You're not overreacting. Your therapist is right, and your mom, while well-meaning, is missing the point entirely.

Let me be direct: your wife isn't worried about your health. If she were, she'd express it once, seriously, and then drop it. She wouldn't make it a daily comedy bit. What she's actually doing is expressing contempt—and contempt is one of the Four Horsemen of relationship death, according to every researcher who studies why marriages fail. Contempt sounds like mockery, eye-rolling, and "just joking" comments that land like small cuts.

Here's the part that's on you: you've been letting her do this for a year. You've asked her to stop, she's dismissed you, and you've... asked again politely? That's not a boundary. That's a suggestion. Boundaries have consequences.

The weight itself? Irrelevant to this conversation. You could lose all 30 pounds tomorrow and I guarantee she'd find something else to critique—your hairline, your career, how you load the dishwasher. People who weaponize "concern" don't actually care about the thing they're critiquing. They care about control and feeling superior.

Your resentment isn't a bug—it's feedback. Your body is telling you that something is wrong in this relationship, and it's right. The dead sex life isn't about attraction; it's about safety. You don't want to be vulnerable with someone who uses your vulnerabilities as material.

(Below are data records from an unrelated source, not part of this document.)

(* Let $\{Y_k\}$ be a fourth-order stationary sequence with $EY_k=0$, autocovariances $\gamma_j=\mathrm{Cov}(Y_0,Y_j)$ and fourth-order cumulants $\kappa(h,r,s)$, satisfying: (a) $n^{-1/2}\sum_{1\le j\le nt}Y_j\xrightarrow{d}\sigma W(t)$ in $D[0,1]$ for some $\sigma>0$; (b) $\sum_j|\gamma_j|<\infty$; (c) $\sup_h\sum_{r,s}|\kappa(h,r,s)|<\infty$. For each $n$ let $X_i=\mu+Y_i$ for $1\le i\le k^*$ and $X_i=\mu+\Delta+Y_i$ for $k^*<i\le n$, where $\mu$ is a constant and $k^*=k^*(n)$, $\Delta=\Delta(n)$ satisfy $k^*=[n\theta]$ for some $0<\theta<1$, $n\Delta^2\to\infty$, $\Delta^2|\hat k-k^*|=O_P(1)$ and $q(n)\Delta^2=O(1)$. Suppose $q(n)\to\infty$ and $q(n)/n\to0$. Then $T_n\xrightarrow{P}\infty$.
   Context: A sequence is fourth-order stationary if it has finite fourth moments and its joint moments of order at most four are shift invariant; $\kappa(h,r,s)=E[Y_kY_{k+h}Y_{k+r}Y_{k+s}]-(\gamma_h\gamma_{r-s}+\gamma_r\gamma_{h-s}+\gamma_s\gamma_{h-r})$. $q(n)$ is a sequence of positive integers, $\omega_j(q)=1-j/(q+1)$, $\bar X_n=\frac1n\sum_{i\le n}X_i$, $\hat\gamma_j=\frac1n\sum_{1\le i\le n-j}(X_i-\bar X_n)(X_{i+j}-\bar X_n)$, $s_n^2=\hat\gamma_0+2\sum_{1\le j\le q(n)}\omega_j(q(n))\hat\gamma_j$, $T_n=\frac1{n^{1/2}s_n}\max_{1\le k\le n}|\sum_{i\le k}X_i-\frac kn\sum_{i\le n}X_i|$, and $\hat k=\min\{k:\max_{1\le i\le n}|\sum_{j\le i}X_j-\frac in\sum_{j\le n}X_j|=|\sum_{j\le k}X_j-\frac kn\sum_{j\le n}X_j|\}$. *)

theory Defs
  imports "HOL-Probability.Probability" "HOL-Library.Landau_Symbols"
begin

definition fourth_order_stationary :: "'a measure \<Rightarrow> (int \<Rightarrow> 'a \<Rightarrow> real) \<Rightarrow> bool" where
  "fourth_order_stationary M Y \<longleftrightarrow>
     (\<forall>k. Y k \<in> borel_measurable M \<and> integrable M (\<lambda>\<omega>. (Y k \<omega>) ^ 4)) \<and>
     (\<forall>is :: int list. \<forall>c :: int. length is \<le> 4 \<longrightarrow>
        (\<integral>\<omega>. prod_list (map (\<lambda>i. Y (i + c) \<omega>) is) \<partial>M) =
        (\<integral>\<omega>. prod_list (map (\<lambda>i. Y i \<omega>) is) \<partial>M))"

definition autocov :: "'a measure \<Rightarrow> (int \<Rightarrow> 'a \<Rightarrow> real) \<Rightarrow> int \<Rightarrow> real" where
  "autocov M Y j =
     (\<integral>\<omega>. (Y 0 \<omega> - (\<integral>\<omega>'. Y 0 \<omega>' \<partial>M)) * (Y j \<omega> - (\<integral>\<omega>'. Y j \<omega>' \<partial>M)) \<partial>M)"

definition cum4 :: "'a measure \<Rightarrow> (int \<Rightarrow> 'a \<Rightarrow> real) \<Rightarrow> int \<Rightarrow> int \<Rightarrow> int \<Rightarrow> real" where
  "cum4 M Y h r s =
     (\<integral>\<omega>. Y 0 \<omega> * Y h \<omega> * Y r \<omega> * Y s \<omega> \<partial>M)
     - (autocov M Y h * autocov M Y (r - s) + autocov M Y r * autocov M Y (h - s)
        + autocov M Y s * autocov M Y (h - r))"
lemma rat_functional_extension:
  assumes "rat_vs.independent E" "E \<subseteq> K"
  shows "\<exists>l\<in>rat_functionals. \<forall>e\<in>E. l e = f e"
proof -
  define L where "L = rat_vs_pair.construct E f"
  have "Vector_Spaces.linear (\<lambda>c x. of_rat c * x) (\<lambda>c x. of_rat c * x) L"
    unfolding L_def using assms(1) by (rule rat_vs_pair.linear_construct)
  hence "L (x + y) = L x + L y" "L (of_rat r * x) = of_rat r * L x" for x y r
    by (simp_all add: Vector_Spaces.linear_iff)
  hence "(\<lambda>x. if x \<in> K then L x else 0) \<in> rat_functionals"
    by (auto simp: rat_functionals_def)
  moreover have "L e = f e" if "e \<in> E" for e
    unfolding L_def using assms(1) that by (rule rat_vs_pair.construct_basis)
  ultimately show ?thesis
    using assms(2) by (intro bexI[of _ "\<lambda>x. if x \<in> K then L x else 0"]) auto
qed

lemma common_eigenvector_scalar:
  assumes l: "l \<in> rat_functionals"
    and eigen: "\<forall>b\<in>B. \<exists>c. l \<in> fun_vs.eigenspace (mult_op b) c"
    and "a \<in> K"
  shows "\<exists>s. \<forall>y\<in>K. l (a * y) = s * l y"
proof -
  obtain \<mu> where \<mu>: "\<And>b x. b \<in> B \<Longrightarrow> x \<in> K \<Longrightarrow> l (b * x) = \<mu> b * l x"
    using eigen by (simp add: fun_vs.eigenspace_def mult_op_def fun_eq_iff) metis
  obtain c where a: "a = (\<Sum>b\<in>B. of_rat (c b) * b)"
    using B_spans \<open>a \<in> K\<close> by blast
  have "l (a * y) = (\<Sum>b\<in>B. of_rat (c b) * \<mu> b) * l y" if "y \<in> K" for y
  proof -
    have "l (a * y) = l (\<Sum>b\<in>B. of_rat (c b) * (b * y))"
      by (simp add: a sum_distrib_right mult.assoc)
    also have "\<dots> = (\<Sum>b\<in>B. of_rat (c b) * l (b * y))"
      using B_subset that by (intro rat_functional_rat_combination l) auto
    finally show ?thesis
      using B_subset that by (simp add: \<mu> subset_iff sum_distrib_right mult.assoc)
  qed
  thus ?thesis
    by blast
qed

You need to have a real conversation—not a gentle one, a *real* one. Tell her: "When you make comments about my weight, I hear contempt. It makes me feel unsafe with you. It's affecting how I feel about our relationship. This needs to stop, not as a joke, but completely. If it doesn't, I'm going to need to think about whether I can stay in this marriage." Then mean it. Don't threaten divorce lightly, but don't be vague either.

If she doubles down and calls you sensitive, or if the comments continue? You'll have your answer about what kind of partner she is.

YOUR ONE MOVE: Schedule a conversation with your wife—not during an argument—and tell her you want to talk about something serious. Don't soften it. Come in calm and clear. See how she responds when you're not being polite about it.